All other ways may be powered down during processing of 
the TRR UOP 450. The cache manager 180 may identify a 
victim way from the data request itself. From the state field 
S, the cache manager 180 may determine if the victim cache 
entry 110 is valid or non-valid. If the victim cache entry 110 
is valid, the cache manager 180 may generate a TWI UOP 
460 causing new state information, designating an invalid 
state, to be written to the cache entry 110. The tag field 120 
and the data field 130 in the victim way need not be 
energized.

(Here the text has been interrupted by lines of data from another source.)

lemma linear_growth_of_bounded_increments:
  fixes y :: "nat \<Rightarrow> real"
  assumes pos: "\<And>n. n \<ge> 1 \<Longrightarrow> y n > 0" and "N \<ge> 1" and "0 < c1"
    and incr: "\<And>n. n \<ge> N \<Longrightarrow> c1 \<le> y (Suc n) - y n \<and> y (Suc n) - y n \<le> c2"
  shows "\<exists>L U. 0 < L \<and> L \<le> U \<and> (\<forall>n\<ge>1. L \<le> y n / real n \<and> y n / real n \<le> U)"
proof -
  have linear: "y N + c1 * (real n - real N) \<le> y n \<and> y n \<le> y N + c2 * (real n - real N)"
    if "n \<ge> N" for n
    using that
  proof (induction n rule: dec_induct)
    case (step n)
    then show ?case using incr[of n] by (simp add: algebra_simps)
  qed simp
  have "c1 \<le> c2" using incr[of N] by simp
  have "y N > 0" using pos \<open>N \<ge> 1\<close> by simp
  have eventual: "c1 / 2 \<le> y n / real n \<and> y n / real n \<le> y N + c2" if "n \<ge> 2 * N" for n
  proof -
    have n: "real n \<ge> 1" "n \<ge> N" "real n - real N \<ge> real n / 2"
      using that \<open>N \<ge> 1\<close> by auto
    have "c1 / 2 * real n \<le> c1 * (real n - real N)"
      using n \<open>0 < c1\<close> by (simp add: mult_left_mono)
    also have "\<dots> \<le> y n" using linear[OF n(2)] \<open>y N > 0\<close> by linarith
    finally have lower: "c1 / 2 \<le> y n / real n"
      using n(1) by (simp add: pos_le_divide_eq)
    have "c2 * (real n - real N) \<le> c2 * real n"
      using \<open>0 < c1\<close> \<open>c1 \<le> c2\<close> by (simp add: mult_left_mono)
    then have "y n \<le> y N + c2 * real n" using linear[OF n(2)] by linarith
    also have "\<dots> \<le> (y N + c2) * real n"
      using \<open>y N > 0\<close> n(1) by (simp add: distrib_right)
    finally have "y n / real n \<le> y N + c2"
      using n(1) by (simp add: pos_divide_le_eq)
    with lower show ?thesis by simp
  qed
  show ?thesis
    using bounds_from_eventual_bounds[of "\<lambda>n. y n / real n", OF _ _ eventual] pos \<open>0 < c1\<close>
    by simp
qed

lemma powr_neg_diff_bounds:
  fixes a b \<beta> :: real
  assumes "0 < a" "a < b" "0 < \<beta>"
  shows "\<beta> * (b - a) * b powr (-\<beta> - 1) \<le> a powr (-\<beta>) - b powr (-\<beta>)
       \<and> a powr (-\<beta>) - b powr (-\<beta>) \<le> \<beta> * (b - a) * a powr (-\<beta> - 1)"
proof -
  have deriv: "((\<lambda>t. t powr (-\<beta>)) has_real_derivative (-\<beta>) * t powr (-\<beta> - 1)) (at t)"
    if "a \<le> t" "t \<le> b" for t
    using has_real_derivative_powr[of t "-\<beta>"] that \<open>0 < a\<close> by auto
  obtain z where z: "a < z" "z < b"
    and mvt: "b powr (-\<beta>) - a powr (-\<beta>) = (b - a) * ((-\<beta>) * z powr (-\<beta> - 1))"
    using MVT2[OF \<open>a < b\<close> deriv] by blast
  have diff: "a powr (-\<beta>) - b powr (-\<beta>) = \<beta> * (b - a) * z powr (-\<beta> - 1)"
    using mvt by (simp add: algebra_simps)
  have "0 \<le> \<beta> * (b - a)" using \<open>a < b\<close> \<open>0 < \<beta>\<close> by simp
  moreover have "b powr (-\<beta> - 1) \<le> z powr (-\<beta> - 1)" "z powr (-\<beta> - 1) \<le> a powr (-\<beta> - 1)"
    using z \<open>0 < a\<close> \<open>0 < \<beta>\<close> by (auto intro!: powr_mono2')
  ultimately show ?thesis
    unfolding diff by (simp add: mult_left_mono)
qed

lemma simeq_at0_powr_bounds:
  assumes "simeq_at0 f (\<lambda>t. t powr \<alpha>)"
  obtains A B \<delta> where "0 < A" "A \<le> B" "0 < \<delta>"
    and "\<And>t. 0 < t \<Longrightarrow> t < \<delta> \<Longrightarrow> A * t powr \<alpha> \<le> f t \<and> f t \<le> B * t powr \<alpha>"
proof -
  obtain A B where AB: "0 < A" "A \<le> B"
    and ev: "\<forall>\<^sub>F t in at_right 0. A \<le> f t / t powr \<alpha> \<and> f t / t powr \<alpha> \<le> B"
    using assms unfolding simeq_at0_def by auto
  then obtain \<delta> where "\<delta> > 0"
    and \<delta>: "\<And>t. 0 < t \<Longrightarrow> t < \<delta> \<Longrightarrow> A \<le> f t / t powr \<alpha> \<and> f t / t powr \<alpha> \<le> B"
    unfolding eventually_at_right_field by auto
  show ?thesis
  proof (rule that[OF AB \<open>\<delta> > 0\<close>])
    fix t :: real assume "0 < t" "t < \<delta>"
    then show "A * t powr \<alpha> \<le> f t \<and> f t \<le> B * t powr \<alpha>"
      using \<delta>[of t] by (simp add: pos_le_divide_eq pos_divide_le_eq)
  qed
qed

lemma antitone_from_steps:
  fixes x :: "nat \<Rightarrow> real"
  assumes "\<And>n. n \<ge> 1 \<Longrightarrow> x (Suc n) \<le> x n" and "1 \<le> m" "m \<le> n"
  shows "x n \<le> x m"
  using \<open>m \<le> n\<close>
proof (induction n rule: dec_induct)
  case (step n)
  then show ?case using assms(1)[of n] \<open>1 \<le> m\<close> by simp
qed simp

locale decreasing_null_seq =
  fixes x :: "nat \<Rightarrow> real"
  assumes pos: "\<And>n. n \<ge> 1 \<Longrightarrow> 0 < x n"
    and step_le: "\<And>n. n \<ge> 1 \<Longrightarrow> x (Suc n) \<le> x n"
    and tendsto_zero: "x \<longlonglongrightarrow> 0"
begin

lemma antimono: "1 \<le> m \<Longrightarrow> m \<le> n \<Longrightarrow> x n \<le> x m"
  using antitone_from_steps[of x m n] step_le by blast

lemma nbhd_range_iff: "y \<in> nbhd (x ` {1..}) \<epsilon> \<longleftrightarrow> (\<exists>n\<ge>1. dist y (x n) < \<epsilon>)"
  by (subst nbhd_iff) auto

lemma nbhd_range_subset: "nbhd (x ` {1..}) \<epsilon> \<subseteq> {-\<epsilon><..<x 1 + \<epsilon>}"
proof
  fix y assume "y \<in> nbhd (x ` {1..}) \<epsilon>"
  then obtain n where "n \<ge> 1" "dist y (x n) < \<epsilon>" unfolding nbhd_range_iff by blast
  then show "y \<in> {-\<epsilon><..<x 1 + \<epsilon>}"
    using pos[of n] antimono[of 1 n] by (auto simp: dist_real_def)
qed

lemma nbhd_range_lmeasurable: "nbhd (x ` {1..}) \<epsilon> \<in> lmeasurable"
proof (rule bounded_set_imp_lmeasurable)
  show "bounded (nbhd (x ` {1..}) \<epsilon>)"
    by (rule bounded_subset[OF _ nbhd_range_subset]) simp
qed (simp add: nbhd_open)

text \<open>Upper bound: the terms from \<open>M\<close> on lie in \<open>(0, x M]\<close>, and each of the first
  \<open>M - 1\<close> terms contributes an interval of length \<open>2\<epsilon>\<close>.\<close>
lemma measure_nbhd_range_le:
  assumes "M \<ge> 1" "0 < \<epsilon>"
  shows "measure lebesgue (nbhd (x ` {1..}) \<epsilon>) \<le> x M + 2 * \<epsilon> * real M"
proof -
  define I where "I = (\<Union>n\<in>{1..<M}. {x n - \<epsilon><..<x n + \<epsilon>})"
  define T where "T = {-\<epsilon><..<x M + \<epsilon>} \<union> I"
  have cover: "nbhd (x ` {1..}) \<epsilon> \<subseteq> T"
  proof
    fix y assume "y \<in> nbhd (x ` {1..}) \<epsilon>"
    then obtain n where n: "n \<ge> 1" "\<bar>y - x n\<bar> < \<epsilon>"
      unfolding nbhd_range_iff dist_real_def by blast
    show "y \<in> T"
    proof (cases "n < M")
      case True
      then have "y \<in> I" using n unfolding I_def by (auto simp: abs_less_iff intro!: bexI[of _ n])
      then show ?thesis unfolding T_def by blast
    next
      case False
      then show ?thesis using n pos[of n] antimono[of M n] \<open>M \<ge> 1\<close>
        unfolding T_def by (auto simp: abs_less_iff)
    qed
  qed
  have "T \<subseteq> {-\<epsilon><..<x 1 + \<epsilon>}"
    using pos antimono[of 1] \<open>M \<ge> 1\<close> unfolding T_def I_def by fastforce
  then have "bounded T"
    by (rule bounded_subset[rotated]) simp
  then have "T \<in> lmeasurable"
    unfolding T_def I_def by (intro bounded_set_imp_lmeasurable) auto
  then have "measure lebesgue (nbhd (x ` {1..}) \<epsilon>) \<le> measure lebesgue T"
    using cover nbhd_open by (intro measure_mono_fmeasurable) auto
  also have "\<dots> \<le> measure lebesgue {-\<epsilon><..<x M + \<epsilon>} + measure lebesgue I"
    unfolding T_def I_def by (rule measure_Un_le) auto
  also have "\<dots> \<le> (x M + 2 * \<epsilon>) + (\<Sum>n\<in>{1..<M}. measure lebesgue {x n - \<epsilon><..<x n + \<epsilon>})"
    unfolding I_def using pos[of M] assms by (intro add_mono measure_UNION_le) auto
  also have "\<dots> = x M + 2 * \<epsilon> * real M"
    using assms by (simp add: of_nat_diff algebra_simps)
  finally show ?thesis .
qed

text \<open>Lower bound: if all gaps from \<open>M\<close> on are smaller than \<open>2\<epsilon>\<close>, every point of
  \<open>(0, x M)\<close> lies between two consecutive terms and hence within \<open>\<epsilon>\<close> of one of them.\<close>
lemma interval_subset_nbhd_range:
  assumes "M \<ge> 1" and gaps: "\<And>n. n \<ge> M \<Longrightarrow> x n - x (Suc n) < 2 * \<epsilon>"
  shows "{0<..<x M} \<subseteq> nbhd (x ` {1..}) \<epsilon>"
proof
  fix y assume y: "y \<in> {0<..<x M}"
  obtain N where N: "\<And>n. n \<ge> N \<Longrightarrow> x n < y"
    using order_tendstoD(2)[OF tendsto_zero, of y] y by (auto simp: eventually_sequentially)
  have ex: "\<exists>k. M \<le> k \<and> x k < y"
    using N[of "max M N"] by (intro exI[of _ "max M N"]) auto
  define k where "k = (LEAST k. M \<le> k \<and> x k < y)"
  have k: "M \<le> k" "x k < y"
    using LeastI_ex[OF ex] unfolding k_def by auto
  then obtain n where n: "k = Suc n" "M \<le> n"
    using y by (cases k) (auto simp: le_Suc_eq)
  have "\<not> (M \<le> n \<and> x n < y)"
    using not_less_Least[of n "\<lambda>k. M \<le> k \<and> x k < y"] n unfolding k_def by auto
  then have "x (Suc n) < y" "y \<le> x n" using k n by auto
  show "y \<in> nbhd (x ` {1..}) \<epsilon>"
  proof (cases "x n - y < \<epsilon>")
    case True
    then have "dist y (x n) < \<epsilon>" using \<open>y \<le> x n\<close> by (simp add: dist_real_def)
    moreover have "n \<ge> 1" using n \<open>M \<ge> 1\<close> by simp
    ultimately show ?thesis unfolding nbhd_range_iff by blast
  next
    case False
    then have "dist y (x (Suc n)) < \<epsilon>"
      using gaps[OF n(2)] \<open>x (Suc n) < y\<close> by (simp add: dist_real_def)
    then show ?thesis unfolding nbhd_range_iff by (intro exI[of _ "Suc n"]) simp
  qed
qed

lemma measure_nbhd_range_ge:
  assumes "M \<ge> 1" and "\<And>n. n \<ge> M \<Longrightarrow> x n - x (Suc n) < 2 * \<epsilon>"
  shows "x M \<le> measure lebesgue (nbhd (x ` {1..}) \<epsilon>)"
proof -
  have "measure lebesgue {0<..<x M} \<le> measure lebesgue (nbhd (x ` {1..}) \<epsilon>)"
    using interval_subset_nbhd_range[OF assms] nbhd_range_lmeasurable
    by (intro measure_mono_fmeasurable) auto
  then show ?thesis using pos[OF \<open>M \<ge> 1\<close>] by simp
qed

end

locale iteration =
  fixes \<alpha> r :: real and f :: "real \<Rightarrow> real" and x :: "nat \<Rightarrow> real"
  assumes alpha_gt_1: "\<alpha> > 1"
    and f_mono: "mono_on {0<..<r} f"
    and f_pos: "\<And>t. t \<in> {0<..<r} \<Longrightarrow> f t > 0"
    and f_simeq: "simeq_at0 f (\<lambda>t. t powr \<alpha>)"
    and f_less: "\<And>t. t \<in> {0<..<r} \<Longrightarrow> f t < t"
    and x_1: "x 1 \<in> {0<..<r}"
    and x_step: "\<And>n. n \<ge> 1 \<Longrightarrow> x (Suc n) = x n - f (x n)"
begin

All other ways and the victim allocation unit 160 
may be powered down during the TWI UOP 460. Thereafter, 
or if the victim cache entry 110 was invalid, the cache 
manager 180 may return to the idle state 400. 

[0051] If the data request is a cache invalidate command, 
the cache manager 180 also may generate a TWI UOP 460. 
The TWI UOP 460 may cause new state information, 
designating an invalid state, to be written to the cache entry 
110 of a single way. The cache manager 180 may determine 
the target way from the cache invalidate command itself. All 
other ways and the victim allocation unit 160 may be 
powered down during processing of the TWI UOP 460. 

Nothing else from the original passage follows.